I arrange for my students in my poetry classes to buy their books used from students in my previous poetry classes, and I allow ANY edition of the books, so they can score very, very cheap ones on Amazon. They can get an out-of-date edition of a $70 book for under $10. There will be some discrepancies in the poems the book includes, and the page numbers for the poems that are in the book may be different. But they can use the index when the poems are on different pages, and I provide links to online versions of poems that can't be found in their books.

And since any student who wants to unload the poetry book can sell it the next semester to one of my new students, everyone gets out of the deal relatively unscathed.

I also encourage them to form book-buying co-ops in class--sharing a book rather than purchasing separate ones. If people live in the same dorm, especially on the same floor, they can buy a book together and share it. They end up doing this in other classes, too, after I show them how well it works.
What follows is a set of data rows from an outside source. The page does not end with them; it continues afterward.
lemma eq_smult3_if_dot3_eq:
  fixes a1 a2 a3 v w :: "'a::field vec3"
  assumes "det3 a1 a2 a3 \<noteq> 0"
    and "dot3 a1 v = c * dot3 a1 w" "dot3 a2 v = c * dot3 a2 w" "dot3 a3 v = c * dot3 a3 w"
  shows "v = smult3 c w"
proof (rule ccontr)
  obtain v1 v2 v3 w1 w2 w3 where vw: "v = (v1, v2, v3)" "w = (w1, w2, w3)"
    by (cases v; cases w)
  define b where "b = (v1 - c * w1, v2 - c * w2, v3 - c * w3)"
  assume "v \<noteq> smult3 c w"
  then have "b \<noteq> (0, 0, 0)" unfolding b_def vw smult3_def by auto
  moreover have "dot3 b a1 = 0" "dot3 b a2 = 0" "dot3 b a3 = 0"
    using assms(2-4) unfolding b_def vw
    by (cases a1; cases a2; cases a3; simp add: dot3_def algebra_simps)+
  ultimately show False using det3_eq_0_if_common_kernel assms(1) by blast
qed

lemma inj_on_side_ratio:
  fixes b0 b1 b2 :: "'a::field vec3"
  assumes det: "det3 b0 b1 b2 \<noteq> 0" and "A \<subseteq> PG2"
    and on_b0: "\<And>P. P \<in> A \<Longrightarrow> dot3 b0 (proj_rep P) = 0"
    and off_b2: "\<And>P. P \<in> A \<Longrightarrow> dot3 b2 (proj_rep P) \<noteq> 0"
  shows "inj_on (\<lambda>P. dot3 b1 (proj_rep P) / dot3 b2 (proj_rep P)) A"
proof (rule inj_onI)
  fix P P' assume P: "P \<in> A" and P': "P' \<in> A"
    and ratio: "dot3 b1 (proj_rep P) / dot3 b2 (proj_rep P) = dot3 b1 (proj_rep P') / dot3 b2 (proj_rep P')"
  define c where "c = dot3 b2 (proj_rep P') / dot3 b2 (proj_rep P)"
  have "c \<noteq> 0" using off_b2 P P' c_def by simp
  have "dot3 b0 (proj_rep P') = c * dot3 b0 (proj_rep P)"
    "dot3 b1 (proj_rep P') = c * dot3 b1 (proj_rep P)"
    "dot3 b2 (proj_rep P') = c * dot3 b2 (proj_rep P)"
    using on_b0[OF P] on_b0[OF P'] off_b2[OF P] off_b2[OF P'] ratio unfolding c_def
    by (simp_all add: field_simps)
  then have "proj_rep P' = smult3 c (proj_rep P)"
    by (intro eq_smult3_if_dot3_eq[OF det])
  then show "P = P'"
    using proj_rep(2) P P' \<open>A \<subseteq> PG2\<close> ppoint_smult3[OF \<open>c \<noteq> 0\<close>] by (metis subsetD)
qed

lemma det3_side_points_eq_0_iff:
  fixes y1 z1 x2 z2 x3 y3 :: "'a::field"
  assumes "y1 \<noteq> 0" "z2 \<noteq> 0" "y3 \<noteq> 0"
  shows "det3 (0, y1, z1) (x2, 0, z2) (x3, y3, 0) = 0 \<longleftrightarrow> (z1 / y1) * (x2 / z2) = - (x3 / y3)"
  using assms by (simp add: det3_def dot3_def cross3_def field_simps)
    (metis eq_neg_iff_add_eq_0)

lemma collinear3_iff_side_ratios:
  fixes a1 a2 a3 :: "'a::field vec3"
  assumes det: "det3 a1 a2 a3 \<noteq> 0" and PG2: "P \<in> PG2" "Q \<in> PG2" "R \<in> PG2" "P \<noteq> Q"
    and on: "dot3 a1 (proj_rep P) = 0" "dot3 a2 (proj_rep Q) = 0" "dot3 a3 (proj_rep R) = 0"
    and off: "dot3 a2 (proj_rep P) \<noteq> 0" "dot3 a3 (proj_rep Q) \<noteq> 0" "dot3 a2 (proj_rep R) \<noteq> 0"
  shows "collinear3 P Q R \<longleftrightarrow>
    (dot3 a3 (proj_rep P) / dot3 a2 (proj_rep P)) * (dot3 a1 (proj_rep Q) / dot3 a3 (proj_rep Q)) =
    - (dot3 a1 (proj_rep R) / dot3 a2 (proj_rep R))"
proof -
  let ?x = "\<lambda>P. dot3 a1 (proj_rep P)" and ?y = "\<lambda>P. dot3 a2 (proj_rep P)"
    and ?z = "\<lambda>P. dot3 a3 (proj_rep P)"
  have rows: "det3 (0, ?y P, ?z P) (?x Q, 0, ?z Q) (?x R, ?y R, 0) =
      det3 a1 a2 a3 * det3 (proj_rep P) (proj_rep Q) (proj_rep R)"
    using det3_dot3_rows[of a1 "proj_rep P" a2 a3 "proj_rep Q" "proj_rep R"] on by simp
  have "collinear3 P Q R \<longleftrightarrow> det3 (proj_rep P) (proj_rep Q) (proj_rep R) = 0"
    using collinear3_iff_det3 PG2 by blast
  also have "\<dots> \<longleftrightarrow> det3 (0, ?y P, ?z P) (?x Q, 0, ?z Q) (?x R, ?y R, 0) = 0"
    using rows det by simp
  also have "\<dots> \<longleftrightarrow> (?z P / ?y P) * (?x Q / ?z Q) = - (?x R / ?y R)"
    using off by (rule det3_side_points_eq_0_iff)
  finally show ?thesis .
qed

lemma dual_3net_components:
  assumes "dual_3net L1 L2 L3 n"
  shows "L1 \<subseteq> PG2" "L2 \<subseteq> PG2" "L3 \<subseteq> PG2" "finite L1" "finite L2" "finite L3"
    "card L1 = n" "card L2 = n" "card L3 = n" "L1 \<inter> L2 = {}" "L1 \<inter> L3 = {}" "L2 \<inter> L3 = {}"
proof -
  have comp: "\<forall>i < 3. [L1, L2, L3] ! i \<subseteq> PG2 \<and> finite ([L1, L2, L3] ! i) \<and> card ([L1, L2, L3] ! i) = n"
    and disj: "\<forall>i < 3. \<forall>j < 3. i \<noteq> j \<longrightarrow> [L1, L2, L3] ! i \<inter> [L1, L2, L3] ! j = {}"
    using assms unfolding dual_3net_def Let_def by blast+
  show "L1 \<subseteq> PG2" "finite L1" "card L1 = n" using comp[rule_format, of 0] by simp_all
  show "L2 \<subseteq> PG2" "finite L2" "card L2 = n" using comp[rule_format, of 1] by simp_all
  show "L3 \<subseteq> PG2" "finite L3" "card L3 = n" using comp[rule_format, of 2] by simp_all
  show "L1 \<inter> L2 = {}" "L1 \<inter> L3 = {}" "L2 \<inter> L3 = {}"
    using disj[rule_format, of 0 1] disj[rule_format, of 0 2] disj[rule_format, of 1 2] by simp_all
qed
When buying Starbucks coffee at $4 or $5 a cup adds up to $1000 or more a year, then, yes, brewing coffee at home and carrying it in a thermal mug is worthwhile. I honestly don't believe that people who buy Starbucks are getting $1000 worth of pleasure fromt heir habit--they just aren't realizing how they are nickel and diming themselves to death. Home-brewed coffee isn't so terrible that it's worth $1000 a year to go to Starbucks for it. It's a matter of priorities--and sometimes a matter of postponing gratification for a bit.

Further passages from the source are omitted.